The most well known form a covert power is a term which Sahattschneider
[1960] calls “non-decision making”. He
means, by this, that in any politics only some conflicts of interest will
be represented on the political agenda. All
other conflicts will be “organized cut of politics” so that they do not become
the subjects of any overt power relations. For instance a most sustained attempt to change the agenda of world
politics occurred at the UN after the Third World achieved majority in the
General Assembly. The UNCTAD has spanned
two “development decades” and the Bandt Commission engendered the Cancun Conference
in which “Global Negotiations” took place. Cancun was the most well organized forum yet,
which paid lip service to development of poorer countries but the agenda of
world politics has still not changed. This
was because it was not North-South issues which dominated current inter-state
relations but the East-West conflict. The lesson is simple – once established, agendas are very difficult
to shift since they represent the very assumptions on which politics is based.

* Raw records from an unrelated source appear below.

definition pattern_cost :: "nat \<Rightarrow> nat \<Rightarrow> (nat \<Rightarrow> nat \<Rightarrow> ereal) \<Rightarrow> pattern \<Rightarrow> ereal" where
  "pattern_cost m p P Kbar = (\<Sum>(i, j) \<in> {(i, j). i \<in> {1..m} \<and> j \<in> {1..p} \<and> Kbar i j}. P i j)"

definition problem1_solution ::
  "nat \<Rightarrow> nat \<Rightarrow> nat \<Rightarrow> pattern \<Rightarrow> pattern \<Rightarrow> pattern \<Rightarrow> (nat \<Rightarrow> nat \<Rightarrow> ereal) \<Rightarrow> pattern \<Rightarrow> bool" where
  "problem1_solution n m p Abar Bbar Cbar P Kbar \<longleftrightarrow>
     feasible_pattern m p P Kbar \<and> no_SFM n m p Abar Bbar Cbar Kbar \<and>
     (\<forall>K'. feasible_pattern m p P K' \<and> no_SFM n m p Abar Bbar Cbar K' \<longrightarrow>
        pattern_cost m p P Kbar \<le> pattern_cost m p P K')"

definition cover_A :: "nat \<Rightarrow> nat \<Rightarrow> (nat \<Rightarrow> nat set) \<Rightarrow> pattern" where
  "cover_A N r S i j \<longleftrightarrow> i = j \<or> (i \<in> {1..N} \<and> j = N + r + 1) \<or>
      (i \<in> {N+1..N+r} \<and> j \<in> S (i - N))"

definition cover_B :: "nat \<Rightarrow> nat \<Rightarrow> pattern" where
  "cover_B N r i j \<longleftrightarrow> j \<in> {1..r+1} \<and> i = N + j"

definition cover_C :: "nat \<Rightarrow> nat \<Rightarrow> pattern" where
  "cover_C N r i j \<longleftrightarrow> i \<in> {1..r} \<and> j = N + i"

definition cover_P :: "nat \<Rightarrow> (nat \<Rightarrow> nat set) \<Rightarrow> (nat set \<Rightarrow> real) \<Rightarrow> nat \<Rightarrow> nat \<Rightarrow> ereal" where
  "cover_P r S w i j =
     (if i = r + 1 \<and> j \<in> {1..r} then ereal (w (S j))
      else if i = j \<and> j \<in> {1..r} then 0 else \<infinity>)"

end

theory Submission
  imports Defs
begin

text \<open>Suppose some \<open>u \<in> {1..N}\<close> lies in none of the chosen sets and let \<open>M = A + B K C\<close>.
  Feedback only adds self-loops at the set states \<open>x\<^bsub>N+j\<^esub>\<close> and edges from the states of
  chosen sets into \<open>x\<^bsub>N+r+1\<^esub>\<close>. Hence column \<open>u\<close> of \<open>M\<close> is supported on \<open>u\<close> and the set
  states \<open>x\<^bsub>N+j\<^esub>\<close> with \<open>u \<in> S\<^sub>j\<close>, while the columns of these set states are supported on
  the diagonal. The coordinate subspace spanned by these states is therefore \<open>M\<close>-invariant and
  \<open>M\<close> is triangular on it, so the diagonal entry \<open>A\<^bsub>uu\<^esub>\<close>, which no feedback changes, is an
  eigenvalue of \<open>M\<close> for every \<open>K\<close>: a structurally fixed mode.\<close>

definition pattern_mult :: "nat \<Rightarrow> pattern \<Rightarrow> pattern \<Rightarrow> pattern" where
  "pattern_mult k P Q i j \<longleftrightarrow> (\<exists>l\<in>{1..k}. P i l \<and> Q l j)"

lemma realizes_mono: "realizes P M \<Longrightarrow> (\<And>i j. P i j \<Longrightarrow> Q i j) \<Longrightarrow> realizes Q M"
  unfolding realizes_def by blast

This is non-decision making as it leaves the status quo untouched by
the mainstream of world politics. It is important to understand that power games
are not played out in some neutral arena. Getting an issue on the agenda is a start, but it is only the beginning.
When the UN put pressure after the Cancun Conference on the dominant
states – notable the USA – it only weakened that body in their eyes.
The East-West conflict having virtually vanished, the UN, if indeed,
now succeeds in focusing attention on third world poverty, there is no guarantee
that material in-equalities will be tackled successfully.
The vested interests of the status quo will have to combat the periphery
directly but they need not have o use overt force to maintain their position.
14.
The most important form of power relation is the structural position
in the world economy. If we consider
two states [Taylor 1985] Brazil and Switzerland; on
almost every power index Brazil will appear more powerful, but in the hierarchical
spatial structure of the world economy, Switzerland is the core and Brazil
the semi-periphery and thus exploited. How does it do so? Swiss
bankers are part of the core banking community which imposes conditionalities
on debtor countries. Operations of
the market ensure that Swiss multinationals facilitate the flow of surplus
from Brazil to their own country and thus ensure Swiss predominance. The Swiss do not have to engage in any overt
use of power or covert power in agenda setting to attain this dominance. The structure of the world economy is such
as to favour Switzerland at Brazil’s expense if they engage in normal trading
relations. In other words with more
efficient production they can call the tune in countries that cannot directly
compete economically with them.
15.
Power and Appearance: In the world
economy approach, Taylor [1985] says, power is a direct reflection of the
ability of the state to operate within the system to its own material advantage,
and depends on the efficiency of its production processes which we have measured
by our categories of core, periphery and semi-periphery. Generally speaking there is a tendency for
core states to be relatively liberal in their characteristics since their
power is based primarily on economic prowess.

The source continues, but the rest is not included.